(* Let $c$ be a prefix equivariant statistic and $\theta>0$. Let $2\le k\le N$. If the increasing prefix $e_k=12\cdots k$ is negative, then the increasing prefix $e_{k-1}=12\cdots(k-1)$ is negative.
   Context: Permutations of $\{1,\dots,m\}$ are written in one-line notation; $\mathfrak S_m$ is the set of all of them. Fix $N\ge1$, a statistic $c:\bigcup_{m=1}^N\mathfrak S_m\to\mathbb Z_{\ge0}$ and a real $\theta>0$. Prefixes and containment: - A prefix is an element of $\bigcup_{m=1}^N\mathfrak S_m$. - $\pi^{(i)}\in\mathfrak S_i$ denotes the unique permutation with the same relative order as $\pi_1,\dots,\pi_i$. - A prefix $r\in\mathfrak S_n$ contains $p\in\mathfrak S_m$ if $r^{(m)}=p$. - For $p\in\mathfrak S_m$ and $\pi\in\mathfrak S_N$: $\pi$ is $p$-prefixed if $\pi^{(m)}=p$, and $p$-winnable if moreover $\pi_m=N$. Probabilities: - $D(p)=\sum_{p\text{-prefixed }\pi}\theta^{c(\pi)}$. - $S(p)=\big(\sum_{p\text{-winnable }\pi}\theta^{c(\pi)}\big)/D(p)$. - $S^c(p)=0$ for $p\in\mathfrak S_N$; for $p\in\mathfrak S_m$ with $m<N$, $S^c(p)=\big(\sum_{q'\in\mathfrak S_{m+1}\text{ containing }p}D(q')\bar S(q')\big)/D(p)$. - $\bar S(p)=\max(S(p),S^c(p))$. - $p$ is positive if $S(p)\ge S^c(p)$, and negative otherwise. Let $e_k=12\cdots k$. For $q\in\mathfrak S_k$ and $\pi\in\mathfrak S_m$ with $\pi_1<\cdots<\pi_k$, $\sigma_q\cdot\pi$ is given by $(\sigma_q\cdot\pi)_i=\pi_{q_i}$ for $i\le k$ and $(\sigma_q\cdot\pi)_i=\pi_i$ for $i>k$. The statistic $c$ is prefix equivariant if $c(\pi)-c(\sigma_q\cdot\pi)=c(e_k)-c(q)$ for all $k\le m\le N$, all $q\in\mathfrak S_k$, and all $\pi\in\mathfrak S_m$ with $\pi_1<\cdots<\pi_k$. *)

theory Defs
  imports Complex_Main
begin

definition perms :: "nat \<Rightarrow> nat list set" where
  "perms m = {xs. length xs = m \<and> distinct xs \<and> set xs = {1..m}}"

definition std :: "nat list \<Rightarrow> nat list" where
  "std xs = map (\<lambda>x. card {y \<in> set xs. y \<le> x}) xs"

definition pat :: "nat \<Rightarrow> nat list \<Rightarrow> nat list" where
  "pat i xs = std (take i xs)"

definition inc :: "nat \<Rightarrow> nat list" where
  "inc k = [1..<Suc k]"

definition Dw :: "nat \<Rightarrow> (nat list \<Rightarrow> nat) \<Rightarrow> real \<Rightarrow> nat list \<Rightarrow> real" where
  "Dw N c \<theta> p = (\<Sum>\<pi>\<in>{\<pi> \<in> perms N. pat (length p) \<pi> = p}. \<theta> ^ c \<pi>)"

text \<open>S(p): probability of success when stopping at p.\<close>
definition Sw :: "nat \<Rightarrow> (nat list \<Rightarrow> nat) \<Rightarrow> real \<Rightarrow> nat list \<Rightarrow> real" where
  "Sw N c \<theta> p = (\<Sum>\<pi>\<in>{\<pi> \<in> perms N. pat (length p) \<pi> = p \<and> \<pi> ! (length p - 1) = N}. \<theta> ^ c \<pi>)
                   / Dw N c \<theta> p"

text \<open>Continuation value given the optimal values f of the one-step extensions.\<close>
definition Scont :: "nat \<Rightarrow> (nat list \<Rightarrow> nat) \<Rightarrow> real \<Rightarrow> (nat list \<Rightarrow> real) \<Rightarrow> nat list \<Rightarrow> real" where
  "Scont N c \<theta> f p = (\<Sum>q\<in>{q \<in> perms (Suc (length p)). pat (length p) q = p}. Dw N c \<theta> q * f q)
                       / Dw N c \<theta> p"

primrec SbarR :: "nat \<Rightarrow> nat \<Rightarrow> (nat list \<Rightarrow> nat) \<Rightarrow> real \<Rightarrow> nat list \<Rightarrow> real" where
  "SbarR 0 N c \<theta> p = max (Sw N c \<theta> p) 0"
| "SbarR (Suc j) N c \<theta> p = max (Sw N c \<theta> p) (Scont N c \<theta> (SbarR j N c \<theta>) p)"

definition Sbar :: "nat \<Rightarrow> (nat list \<Rightarrow> nat) \<Rightarrow> real \<Rightarrow> nat list \<Rightarrow> real" where
  "Sbar N c \<theta> p = SbarR (N - length p) N c \<theta> p"

definition Sc :: "nat \<Rightarrow> (nat list \<Rightarrow> nat) \<Rightarrow> real \<Rightarrow> nat list \<Rightarrow> real" where
  "Sc N c \<theta> p = (if length p < N then Scont N c \<theta> (Sbar N c \<theta>) p else 0)"

definition positive_prefix :: "nat \<Rightarrow> (nat list \<Rightarrow> nat) \<Rightarrow> real \<Rightarrow> nat list \<Rightarrow> bool" where
  "positive_prefix N c \<theta> p \<longleftrightarrow> Sw N c \<theta> p \<ge> Sc N c \<theta> p"

definition negative_prefix :: "nat \<Rightarrow> (nat list \<Rightarrow> nat) \<Rightarrow> real \<Rightarrow> nat list \<Rightarrow> bool" where
  "negative_prefix N c \<theta> p \<longleftrightarrow> Sw N c \<theta> p < Sc N c \<theta> p"

definition sigma_act :: "nat list \<Rightarrow> nat list \<Rightarrow> nat list" where
  "sigma_act q \<pi> = map (\<lambda>i. \<pi> ! (i - 1)) q @ drop (length q) \<pi>"

definition prefix_equivariant :: "nat \<Rightarrow> (nat list \<Rightarrow> nat) \<Rightarrow> bool" where
  "prefix_equivariant N c \<longleftrightarrow>
     (\<forall>k m q \<pi>. 1 \<le> k \<longrightarrow> k \<le> m \<longrightarrow> m \<le> N \<longrightarrow> q \<in> perms k \<longrightarrow> \<pi> \<in> perms m \<longrightarrow>
        sorted_wrt (<) (take k \<pi>) \<longrightarrow>
        int (c \<pi>) - int (c (sigma_act q \<pi>)) = int (c (inc k)) - int (c q))"

end

theory Submission
  imports Defs "HOL-Library.Multiset"
begin

text \<open>
  Prefix equivariance says that rearranging the increasing first k entries of a permutation
  by q \<in> \<frak>S_k multiplies its weight by \<theta>^(c(q) - c(e_k)). Hence \<sigma>_q maps the t-prefixed
  permutations bijectively onto the (\<sigma>_q t)-prefixed ones, scaling all weights by one common
  factor, whenever t begins with k increasing entries. So S, and by induction on the remaining
  length also S-bar and S^c, are unchanged by \<sigma>_q; in particular S^c(q) = S^c(e_k).

  Now S^c(e_(k-1)) is the D-weighted mean of S-bar(q) \<ge> S^c(q) = S^c(e_k) over the q \<in> \<frak>S_k
  extending e_(k-1), so S^c(e_k) \<le> S^c(e_(k-1)). Likewise \<sigma>_q turns a permutation with N at
  position k - 1 into an e_k-prefixed one with N among its first k entries, hence at position k;
  this gives S(e_(k-1)) \<le> S(e_k). Altogether S(e_(k-1)) \<le> S(e_k) < S^c(e_k) \<le> S^c(e_(k-1)).
\<close>

section \<open>Ranks and standardisation\<close>

definition rank :: "nat list \<Rightarrow> nat \<Rightarrow> nat" where
  "rank xs x = card {y \<in> set xs. y \<le> x}"

lemma std_eq_map_rank: "std xs = map (rank xs) xs"
  by (simp add: std_def rank_def)

lemma rank_cong_set: "set xs = set ys \<Longrightarrow> rank xs = rank ys"
  by (simp add: rank_def fun_eq_iff)

lemma rank_mono: "x \<le> y \<Longrightarrow> rank xs x \<le> rank xs y"
  unfolding rank_def by (rule card_mono) auto

lemma rank_strict_mono:
  assumes "y \<in> set xs" "x < y"
  shows "rank xs x < rank xs y"
proof -
  have "{z \<in> set xs. z \<le> x} \<subseteq> {z \<in> set xs. z \<le> y}"
    using assms by auto
  moreover have "y \<notin> {z \<in> set xs. z \<le> x}" "y \<in> {z \<in> set xs. z \<le> y}"
    using assms by auto
  ultimately have "{z \<in> set xs. z \<le> x} \<subset> {z \<in> set xs. z \<le> y}"
    by blast
  then show ?thesis
    unfolding rank_def by (rule psubset_card_mono[rotated]) simp
qed

lemma rank_less_iff: "x \<in> set xs \<Longrightarrow> y \<in> set xs \<Longrightarrow> rank xs x < rank xs y \<longleftrightarrow> x < y"
  by (meson leI less_le_not_le rank_mono rank_strict_mono)

lemma rank_eq_iff: "x \<in> set xs \<Longrightarrow> y \<in> set xs \<Longrightarrow> rank xs x = rank xs y \<longleftrightarrow> x = y"
  by (metis linorder_neqE_nat rank_strict_mono less_irrefl)

lemma rank_in_range:
  assumes "x \<in> set xs"
  shows "rank xs x \<in> {1..card (set xs)}"
proof -
  have "x \<in> {y \<in> set xs. y \<le> x}"
    using assms by simp
  then have "1 \<le> rank xs x"
    unfolding rank_def by (auto simp: Suc_le_eq card_gt_0_iff)
  moreover have "rank xs x \<le> card (set xs)"
    unfolding rank_def by (rule card_mono) auto
  ultimately show ?thesis by simp
qed

lemma rank_sorted_nth:
  assumes srt: "sorted_wrt (<) ys" and j: "j < length ys"
  shows "rank ys (ys ! j) = Suc j"
proof -
  have "{y \<in> set ys. y \<le> ys ! j} = (!) ys ` {..j}"
  proof (rule set_eqI, rule iffI)
    fix y assume "y \<in> {y \<in> set ys. y \<le> ys ! j}"
    then obtain i where i: "i < length ys" "y = ys ! i" "ys ! i \<le> ys ! j"
      by (auto simp: in_set_conv_nth)
    have "i \<le> j"
    proof (rule ccontr)
      assume "\<not> i \<le> j"
      then have "ys ! j < ys ! i"
        using sorted_wrt_nth_less[OF srt] i by auto
      then show False using i by simp
    qed
    then show "y \<in> (!) ys ` {..j}" using i by auto
  next
    fix y assume "y \<in> (!) ys ` {..j}"
    then obtain i where i: "i \<le> j" "y = ys ! i" by auto
    have "ys ! i \<le> ys ! j"
      using i sorted_wrt_nth_less[OF srt, of i j] j by (cases "i = j") auto
    then show "y \<in> {y \<in> set ys. y \<le> ys ! j}" using i j by auto
  qed
  moreover have "inj_on ((!) ys) {..j}"
    using srt j strict_sorted_iff[of ys] by (auto simp: inj_on_def nth_eq_iff_index_eq)
  ultimately show ?thesis
    unfolding rank_def by (simp add: card_image)
qed

lemma std_sorted: "sorted_wrt (<) ys \<Longrightarrow> std ys = [1..<Suc (length ys)]"
  by (rule nth_equalityI) (auto simp: std_eq_map_rank rank_sorted_nth nth_upt simp del: upt_Suc)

──────────

Exercise requirements:
Collect every line above that contains the word "shows".

Finished exercise:
  shows "rank xs x < rank xs y"
  shows "rank xs x \<in> {1..card (set xs)}"
  shows "rank ys (ys ! j) = Suc j"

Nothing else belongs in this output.